Не будем забывать, что, помимо обильно пролитой на этой земле крови, существовало мощное взаимное тяготение России и Кавказа. Как раз сейчас я исследую влияние культурно-психологического феномена Кавказа на русское общественное сознание 19 века, русскую культуру, литературу…
Кавказ сыграл особую роль в истории России. Кавказская война продолжалась 60 лет. Это был один из самых продолжительных конфликтов в истории человечества, о чем даже просвещенные наши современники мало что знают.»

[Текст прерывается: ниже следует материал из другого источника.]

(* Let $m\in\mathbb{N}$, $r\in\{1,\dots,m\}$, and let $Z_r$ be the set of all vertices of $D_m$ of generation number $r$. Then every connected component of the graph $D_m\setminus Z_r$ has diameter (with respect to the metric $d_{D_m}$) strictly less than $2^r$.
   Context: Diamonds: $D_0$ is an edge; $D_i$ is obtained from $D_{i-1}$ by replacing each edge $uv$ by a quadrilateral $u,a,v,b$; $D_m$ has the shortest path metric with unit edges. Generation number $r$ consists of the vertices of $D_{m-r+1}$ not belonging to $D_{m-r}$. $D_m\setminus Z_r$ is the graph obtained by deleting the vertices in $Z_r$ and all edges incident to them. *)

theory Defs
  imports Main
begin

text \<open>Vertices of diamond graphs: the two original endpoints S and T of D_0, and
  for every edge (u,v) of D_(i-1), two new vertices Mid u v False and Mid u v True
  forming the quadrilateral u, a, v, b.\<close>
datatype dvert = S | T | Mid dvert dvert bool

text \<open>Edges of D_i, stored as ordered pairs (the graph itself is undirected).\<close>
fun dedges :: "nat \<Rightarrow> (dvert \<times> dvert) set" where
  "dedges 0 = {(S, T)}"
| "dedges (Suc i) = (\<Union>(u, v)\<in>dedges i. \<Union>b\<in>UNIV. {(u, Mid u v b), (Mid u v b, v)})"

definition dverts :: "nat \<Rightarrow> dvert set" where
  "dverts i = fst ` dedges i \<union> snd ` dedges i"

definition dadj :: "nat \<Rightarrow> dvert \<Rightarrow> dvert \<Rightarrow> bool" where
  "dadj i x y \<longleftrightarrow> (x, y) \<in> dedges i \<or> (y, x) \<in> dedges i"

text \<open>A walk in the graph with vertex set V and adjacency relation E, given as the
  list of its vertices; its length (number of edges) is length - 1.\<close>
definition is_walk :: "dvert set \<Rightarrow> (dvert \<Rightarrow> dvert \<Rightarrow> bool) \<Rightarrow> dvert list \<Rightarrow> bool" where
  "is_walk V E p \<longleftrightarrow> p \<noteq> [] \<and> set p \<subseteq> V \<and> (\<forall>k < length p - 1. E (p ! k) (p ! Suc k))"
(* Consider unbounded homogeneous systems with error specifications, and for $k\in\mathbb{N}_{>0}$ the Horn constraints (H0)–(H4) described in the context. (1) If, for a given system and error specification, the constraints (H0)–(H4) are solvable for some $k$, then they are also solvable for every $k'>k$ (for the same system and error specification). (2) If $k'>k>0$, then there exist a system and error specification for which the constraints (H0)–(H4) are solvable for $k'$ but not solvable for $k$.
   Context: An unbounded homogeneous system consists of a non-empty global state space $G$, the process index set $P=\mathbb{N}$, a non-empty local state space $L$ (the same for all processes), a set of initial states $\mathit{Init}\subseteq G\times L$ (the same for all processes), and, for each process id $p\in\mathbb{N}$, a transition relation $(g,l)\stackrel{p}{\to}(g',l')$ on $G\times L$ (the behaviour may depend on the id $p$). System states are pairs $(g,\bar l)$ with $\bar l\in L^{\mathbb{N}}$; initial states are those with $(g,\bar l[p])\in\mathit{Init}$ for all $p$; the system transitions are $(g,\bar l)\to(g',\bar l[p/l'])$ whenever $(g,\bar l[p])\stackrel{p}{\to}(g',l')$, where $\bar l[p/l']$ replaces component $p$ by $l'$. An error specification is $(\langle p_1,E_1\rangle,\dots,\langle p_m,E_m\rangle)$ with pairwise distinct $p_j\in\mathbb{N}$ and $E_j\subseteq G\times L$; error states are $(g,\bar l)$ with $(g,\bar l[p_j])\in E_j$ for all $j$. For $k\ge 1$, the constraints are on a single relation $R\subseteq G\times(\mathbb{N}\times L)^k$; $\mathit{dist}(x_1,\dots,x_r)$ means the $x_i$ are pairwise distinct; for indices $a\le b$, $\mathit{RConj}(a,\dots,b)$ denotes $\bigwedge_{i_1<\dots<i_k,\ i_j\in\{a,\dots,b\}} R(g,q_{i_1},l_{i_1},\dots,q_{i_k},l_{i_k})$. All variables $g,g',q_i\in\mathbb{N},l_i,l_i'\in L$ are universally quantified: (H0) for every permutation $\sigma$ of $\{1,\dots,k\}$: $\mathit{dist}(q_1,\dots,q_k)\wedge R(g,q_1,l_1,\dots,q_k,l_k)\Rightarrow R(g,q_{\sigma(1)},l_{\sigma(1)},\dots,q_{\sigma(k)},l_{\sigma(k)})$; (H1) $\mathit{dist}(q_1,\dots,q_k)\wedge\mathit{Init}(g,l_1)\wedge\dots\wedge\mathit{Init}(g,l_k)\Rightarrow R(g,q_1,l_1,\dots,q_k,l_k)$; (H2) $\mathit{dist}(q_1,\dots,q_k)\wedge (g,l_1)\stackrel{q_1}{\to}(g',l_1')\wedge R(g,q_1,l_1,\dots,q_k,l_k)\Rightarrow R(g',q_1,l_1',q_2,l_2,\dots,q_k,l_k)$; (H3) $\mathit{dist}(q_0,q_1,\dots,q_k)\wedge (g,l_0)\stackrel{q_0}{\to}(g',l_0')\wedge\mathit{RConj}(0,\dots,k)\Rightarrow R(g',q_1,l_1,\dots,q_k,l_k)$; (H4) with $r=\max\{m,k\}$: $\mathit{dist}(q_1,\dots,q_r)\wedge\bigwedge_{j=1}^m\big(q_j=p_j\wedge(g,l_j)\in E_j\big)\wedge\mathit{RConj}(1,\dots,r)\Rightarrow\mathit{false}$. The constraints are solvable for $k$ if some relation $R$ makes all of (H0)–(H4) true. *)

theory Defs
  imports "HOL-Combinatorics.Permutations"
begin
lemma rep_vanishes_CL_ideal: "p \<in> CL_ideal V Ed r s C S \<Longrightarrow> rep_vanishes p"
  unfolding CL_ideal_def
proof (induction rule: gen_ideal.induct)
  case (base p) then show ?case by (rule rep_vanishes_CL_relation)
next
  case zero show ?case by (simp add: rep_vanishes_def rep_entry_pzero)
next
  case (add p q)
  then have "finite (supp p)" "finite (supp q)" by (auto simp: rep_vanishes_def)
  moreover have "finite (supp (padd p q))"
    using calculation by (meson finite_UnI finite_subset supp_padd)
  ultimately show ?case using add.IH by (auto simp: rep_vanishes_def rep_entry_padd)
next
  case (smult p c)
  then have "finite (supp p)" by (auto simp: rep_vanishes_def)
  moreover have "finite (supp (psmult c p))" using calculation by (rule finite_subset[OF supp_psmult])
  ultimately show ?case using smult.IH by (auto simp: rep_vanishes_def rep_entry_psmult)
next
  case (mult p a b)
  then show ?case by (simp add: rep_vanishes_mult_mon)
qed

lemma not_CL_eq_if_rep_entry_differs:
  assumes "finite (supp p)" "finite (supp q)" "rep_entry p x y \<noteq> rep_entry q x y"
  shows "\<not> CL_eq V Ed r s C S p q"
proof
  assume "CL_eq V Ed r s C S p q"
  then have "rep_entry (psub p q) x y = 0"
    using rep_vanishes_CL_ideal unfolding CL_eq_def rep_vanishes_def by blast
  then show False using rep_entry_psub[OF assms(1,2)] assms(3) by simp
qed

end

subsection \<open>Choosing the injections\<close>

definition enum :: "'a set \<Rightarrow> 'a \<times> nat \<Rightarrow> nat" where
  "enum Z = to_nat_on (Z \<times> (UNIV :: nat set))"

lemma bij_betw_enum:
  assumes "countable Z" "Z \<noteq> {}"
  shows "bij_betw (enum Z) (Z \<times> UNIV) UNIV"
proof -
  have "countable (Z \<times> (UNIV :: nat set))" using assms(1) by simp
  moreover have "infinite (Z \<times> (UNIV :: nat set))" using assms(2) finite_cartesian_productD2 by blast
  ultimately show ?thesis unfolding enum_def by (rule to_nat_on_infinite)
qed

definition pinned_enum :: "'a set \<Rightarrow> 'a \<Rightarrow> 'a \<times> nat \<Rightarrow> nat" where
  "pinned_enum Z e = transpose (enum Z (e, 0)) 0 \<circ> enum Z"

lemma bij_betw_pinned_enum:
  "countable Z \<Longrightarrow> e \<in> Z \<Longrightarrow> bij_betw (pinned_enum Z e) (Z \<times> UNIV) UNIV"
  unfolding pinned_enum_def by (intro bij_betw_trans[OF bij_betw_enum] bij_transpose) auto

lemma pinned_enum_pinned [simp]: "pinned_enum Z e (e, 0) = 0"
  by (simp add: pinned_enum_def)

lemma CL_rep_enum:
  assumes sg: "separated_graph V Ed r s C" and cE: "countable Ed" and S: "S \<subseteq> Cfin C"
  shows "CL_rep V Ed r s C S enum"
proof -
  have bij: "bij_betw (enum Z) (Z \<times> UNIV) UNIV" if "Z \<in> C" for Z
    using separated_graph_class_countable[OF sg cE that] separated_graph_classD(1)[OF sg that]
    by (rule bij_betw_enum)
  show ?thesis
  proof
    fix Z assume "Z \<in> C"
    then show "inj_on (enum Z) (Z \<times> UNIV)" by (rule bij_betw_imp_inj_on[OF bij])
  next
    fix Z assume "Z \<in> S"
    then have "Z \<in> C" using S by (auto simp: Cfin_def)
    then show "enum Z ` (Z \<times> UNIV) = UNIV" by (rule bij_betw_imp_surj_on[OF bij])
  qed (fact sg S)+
qed

lemma (in CL_rep) CL_rep_fun_upd:
  assumes "inj_on \<psi> (Z \<times> UNIV)" "Z \<in> S \<Longrightarrow> \<psi> ` (Z \<times> UNIV) = UNIV"
  shows "CL_rep V Ed r s C S (\<phi>(Z := \<psi>))"
proof
  fix Z' assume "Z' \<in> C"
  then show "inj_on ((\<phi>(Z := \<psi>)) Z') (Z' \<times> UNIV)" using assms(1) inj_phi by (cases "Z' = Z") simp_all
next
  fix Z' assume "Z' \<in> S"
  then show "(\<phi>(Z := \<psi>)) Z' ` (Z' \<times> UNIV) = UNIV" using assms(2) surj_phi by (cases "Z' = Z") simp_all
qed (fact sg S_Cfin)+

lemma (in CL_rep) CL_rep_pinned:
  assumes "countable Ed" "Z \<in> C" "e \<in> Z"
  shows "CL_rep V Ed r s C S (\<phi>(Z := pinned_enum Z e))"
proof -
  have "bij_betw (pinned_enum Z e) (Z \<times> UNIV) UNIV"
    by (rule bij_betw_pinned_enum[OF separated_graph_class_countable[OF sg assms(1,2)] assms(3)])
  then show ?thesis by (intro CL_rep_fun_upd bij_betw_imp_inj_on bij_betw_imp_surj_on)
qed

lemma (in CL_rep) CL_rep_shifted:
  assumes "countable Ed" "Z \<in> C" "Z \<notin> S"
  shows "CL_rep V Ed r s C S (\<phi>(Z := Suc \<circ> enum Z))"
proof -
  have "bij_betw (enum Z) (Z \<times> UNIV) UNIV"
    using separated_graph_class_countable[OF sg assms(1,2)] separated_graph_classD(1)[OF sg assms(2)]
    by (rule bij_betw_enum)
  then have "inj_on (enum Z) (Z \<times> UNIV)" by (rule bij_betw_imp_inj_on)
  then have "inj_on (Suc \<circ> enum Z) (Z \<times> UNIV)" by (rule comp_inj_on) simp
  then show ?thesis by (rule CL_rep_fun_upd) (use assms(3) in blast)
qed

Прежде всего подумалось: не тем ли самым «исследованием» занимаюсь и я?
На горькой практике.
А вот как Гордин меня утешил:
«Я часто цитирую эпизод из воспоминаний полковника Константина Константиновича Бенкендорфа, племянника известного шефа жандармов — Александра Христофоровича. Полковник храбро воевал на Кавказе и едва избежал гибели. Он рассказывает, как в базарный день в одном из аулов подрались солдаты Апшеронского полка и чеченцы. Здесь же оказались егеря Куринского полка, своеобразная кавказская гвардия царской армии. Его солдаты вмешались в драку, причем на стороне чеченцев. Когда Бенкендорф спросил у солдата-куринца, как это следует понимать, тот бесхитростно ответил: „как же нам не защищать чеченцев, они же наши братья, мы с ними вот уже 20 лет как деремся…“»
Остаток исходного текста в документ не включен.